Перевал - [80]

Шрифт
Интервал

Он так и не подымал головы, не зная, казнит его Зуракан или помилует.

— Зукештай моя, неужто ты оставишь меня из-за подлого языка этого торгаша, которому захотелось поссорить нас с тобой? Ведь мы поклялись друг другу стать мужем и женой. Неужто забудем нашу клятву? Я не дам тебя в обиду, поверь. Пожалей меня, Зукеш. Не дай упасть моей звезде, не унижай меня, Зукеш. Разлучившись с тобой, лучше не жить. Сам святой Кызыр свел нас. Провалиться мне на этом месте, если я вру, милая моя!
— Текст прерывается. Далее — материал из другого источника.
(* In the algebra $\mathcal{A}$ described in the context, let \[\tilde A^{\mathrm{bi}}_{s;mn}(W)=\{(E_n-s^2Q_n^2)(Q_m^2E_m-1)-(E_m-s^2Q_m^2)(Q_n^2E_n-1)\}Q_mQ_n\] and \[A^{\mathrm{bi};2}_{s;mn}(W)=\{u_1(s,E_n,Q_n)(E_n-s^2Q_n^2)v_1(s,E_m,Q_m)(Q_m^2E_m-1)-u_1(s,E_m,Q_m)(E_m-s^2Q_m^2)v_1(s,E_n,Q_n)(Q_n^2E_n-1)\}Q_mQ_n.\] Then $\tilde A^{\mathrm{bi}}_{s;mn}(W)$ is a right divisor of $A^{\mathrm{bi};2}_{s;mn}(W)$, i.e. $A^{\mathrm{bi};2}_{s;mn}(W)=C\,\tilde A^{\mathrm{bi}}_{s;mn}(W)$ for some $C\in\mathcal{A}$.
   Context: $s$ is an indeterminate. $\mathcal{A}$ is the algebra of noncommutative polynomials in $E_m,E_n$ with coefficients in $\mathbb{Q}(s,Q_m,Q_n)$ written on the left, subject to $E_mE_n=E_nE_m$, $E_m\,p(s,Q_m,Q_n)=p(s,sQ_m,Q_n)E_m$, $E_n\,p(s,Q_m,Q_n)=p(s,Q_m,sQ_n)E_n$ for rational functions $p$. For $(E,Q)\in\{(E_m,Q_m),(E_n,Q_n)\}$ put $\Phi_k(Q)=1-s^kQ^4$ and $u_1(s,E,Q)=\frac{1}{\Phi_6(Q)}E-\frac{s^2Q^2}{\Phi_2(Q)}$, $v_1(s,E,Q)=\frac{s^2Q^2}{\Phi_6(Q)}E-\frac{1}{\Phi_2(Q)}$. *)

theory Defs
  imports Complex_Main "HOL-Library.Poly_Mapping" "HOL-Computational_Algebra.Fraction_Field"
begin

text \<open>Multivariate polynomials over the rationals: monomials are exponent vectors
  (variable index to exponent).  Variable 0 is s, variable 1 is Q_m, variable 2 is Q_n.\<close>

type_synonym mpoly = "(nat \<Rightarrow>\<^sub>0 nat) \<Rightarrow>\<^sub>0 rat"

type_synonym rfun = "mpoly fract"

definition mvar :: "nat \<Rightarrow> mpoly" where
  "mvar i = Poly_Mapping.single (Poly_Mapping.single i 1) 1"

definition rvar :: "nat \<Rightarrow> rfun" where
  "rvar i = Fract (mvar i) 1"

abbreviation s_var :: rfun where "s_var \<equiv> rvar 0"
abbreviation Qm_var :: rfun where "Qm_var \<equiv> rvar 1"
abbreviation Qn_var :: rfun where "Qn_var \<equiv> rvar 2"

text \<open>Substitution of variable k by s * (variable k) on polynomials
  (the monomial s^a0 ... x_k^ak ... goes to s^(a0+ak) ... x_k^ak ...).\<close>
definition mono_shift :: "nat \<Rightarrow> (nat \<Rightarrow>\<^sub>0 nat) \<Rightarrow> (nat \<Rightarrow>\<^sub>0 nat)" where
  "mono_shift k a = a + Poly_Mapping.single 0 (Poly_Mapping.lookup a k)"

definition msub :: "nat \<Rightarrow> mpoly \<Rightarrow> mpoly" where
  "msub k p = (\<Sum>a\<in>Poly_Mapping.keys p. Poly_Mapping.single (mono_shift k a) (Poly_Mapping.lookup p a))"

definition rsub :: "nat \<Rightarrow> rfun \<Rightarrow> rfun" where
  "rsub k x = (THE y. \<forall>p q. q \<noteq> 0 \<longrightarrow> x = Fract p q \<longrightarrow> y = Fract (msub k p) (msub k q))"

abbreviation sigma_m :: "rfun \<Rightarrow> rfun" where "sigma_m \<equiv> rsub 1"
abbreviation sigma_n :: "rfun \<Rightarrow> rfun" where "sigma_n \<equiv> rsub 2"

text \<open>An element of A is represented by its coefficient function: f i j is the (left)
  coefficient of E_m^i E_n^j.  Genuine elements of A are those with finite support.\<close>

type_synonym alg = "nat \<Rightarrow> nat \<Rightarrow> rfun"

definition alg_fin :: "alg \<Rightarrow> bool" where
  "alg_fin f \<longleftrightarrow> finite {(i, j). f i j \<noteq> 0}"

definition aconst :: "rfun \<Rightarrow> alg" where
  "aconst c = (\<lambda>i j. if i = 0 \<and> j = 0 then c else 0)"

definition aEm :: alg where
  "aEm = (\<lambda>i j. if i = 1 \<and> j = 0 then 1 else 0)"

definition aEn :: alg where
  "aEn = (\<lambda>i j. if i = 0 \<and> j = 1 then 1 else 0)"

definition aadd :: "alg \<Rightarrow> alg \<Rightarrow> alg" (infixl "\<oplus>" 65) where
  "f \<oplus> g = (\<lambda>i j. f i j + g i j)"

definition adiff :: "alg \<Rightarrow> alg \<Rightarrow> alg" (infixl "\<ominus>" 65) where
  "f \<ominus> g = (\<lambda>i j. f i j - g i j)"

text \<open>(c E_m^a E_n^b)(d E_m^c E_n^d) = c sigma_m^a sigma_n^b(d) E_m^(a+c) E_n^(b+d).\<close>
definition amul :: "alg \<Rightarrow> alg \<Rightarrow> alg" (infixl "\<odot>" 70) where
  "f \<odot> g = (\<lambda>i j. \<Sum>a\<le>i. \<Sum>b\<le>j. f a b * (sigma_m ^^ a) ((sigma_n ^^ b) (g (i - a) (j - b))))"

definition Phi :: "nat \<Rightarrow> rfun \<Rightarrow> rfun" where
  "Phi k Q = 1 - s_var ^ k * Q ^ 4"

definition u1 :: "alg \<Rightarrow> rfun \<Rightarrow> alg" where
  "u1 E Q = aconst (1 / Phi 6 Q) \<odot> E \<ominus> aconst (s_var ^ 2 * Q ^ 2 / Phi 2 Q)"

definition v1 :: "alg \<Rightarrow> rfun \<Rightarrow> alg" where
  "v1 E Q = aconst (s_var ^ 2 * Q ^ 2 / Phi 6 Q) \<odot> E \<ominus> aconst (1 / Phi 2 Q)"

definition A_tilde_bi :: alg where
  "A_tilde_bi =
     ((aEn \<ominus> aconst (s_var ^ 2 * Qn_var ^ 2)) \<odot> (aconst (Qm_var ^ 2) \<odot> aEm \<ominus> aconst 1)
      \<ominus> (aEm \<ominus> aconst (s_var ^ 2 * Qm_var ^ 2)) \<odot> (aconst (Qn_var ^ 2) \<odot> aEn \<ominus> aconst 1))
     \<odot> aconst (Qm_var * Qn_var)"

definition A_bi2 :: alg where
  "A_bi2 =
     (u1 aEn Qn_var \<odot> (aEn \<ominus> aconst (s_var ^ 2 * Qn_var ^ 2)) \<odot> v1 aEm Qm_var
        \<odot> (aconst (Qm_var ^ 2) \<odot> aEm \<ominus> aconst 1)
      \<ominus> u1 aEm Qm_var \<odot> (aEm \<ominus> aconst (s_var ^ 2 * Qm_var ^ 2)) \<odot> v1 aEn Qn_var
        \<odot> (aconst (Qn_var ^ 2) \<odot> aEn \<ominus> aconst 1))
     \<odot> aconst (Qm_var * Qn_var)"

end

theory Submission
  imports Defs
begin

text \<open>Write a = E - s^2 Q^2 and b = Q^2 E - 1 in either variable. In each variable u_1 intertwines
  these factors, u_1 b = v_1 a: comparing coefficients of E this is
  (1 - s^6 Q^4) / Phi_6(Q) = 1 = (1 - s^2 Q^4) / Phi_2(Q). Operators in E_m with coefficients free of
  Q_n commute with operators in E_n with coefficients free of Q_m. Hence for C = u_n v_m + u_m v_n the
  product C (a_n b_m - a_m b_n) is u_n a_n v_m b_m - u_m a_m v_n b_n plus the cross terms
  u_m v_n a_n b_m - u_n v_m a_m b_n, which cancel:
  u_n v_m a_m b_n = (u_n b_n)(v_m a_m) = (v_n a_n)(u_m b_m) = u_m v_n a_n b_m.\<close>

section \<open>Substitution of variables in the coefficient field\<close>

lemma mono_shift_add: "mono_shift k (a + b) = mono_shift k a + mono_shift k b"
  unfolding mono_shift_def by (simp add: lookup_add single_add algebra_simps)

lemma inj_mono_shift:
  assumes "k \<noteq> 0"
  shows "inj (mono_shift k)"
proof (rule injI)
  fix a b assume eq: "mono_shift k a = mono_shift k b"
  have "Poly_Mapping.lookup (mono_shift k c) k = Poly_Mapping.lookup c k" for c
    using assms by (simp add: mono_shift_def lookup_add lookup_single)
  with eq have "Poly_Mapping.lookup a k = Poly_Mapping.lookup b k"
    by metis
  with eq show "a = b"
    unfolding mono_shift_def by simp
qed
Женщина, которая всегда очень чувствительно принимала к сердцу любую грубость мужчины, но еще скорее податливая на ласковое слово, и в этот раз отошла, смягчилась.


Прошли годы.

Как и обещал Ороз, жизнь сложилась у них безбедная. Словно ставшая почти незаметной рана, сгладилась, забылась отметина прошлого и на сердце Зуракан. По пятницам, прифранченные, в костюмах и хорошенько умывшись, причесавшись, они отправлялись вдвоем на базар. Ороз перебросится веселой шуткой с одетыми, как настоящие байбачи, джигитами, вполголоса перемолвится с ними о чем-то для Зуракан непонятном. Потом в харчевне берут по десятку сочных мант, бутылку-другую синеголовой и долго прохлаждаются. Наконец Ороз говорит: «Байбиче, ступай-ка, приготовь чего-нибудь повкусней!» А сам направляется к своим шумным дружкам.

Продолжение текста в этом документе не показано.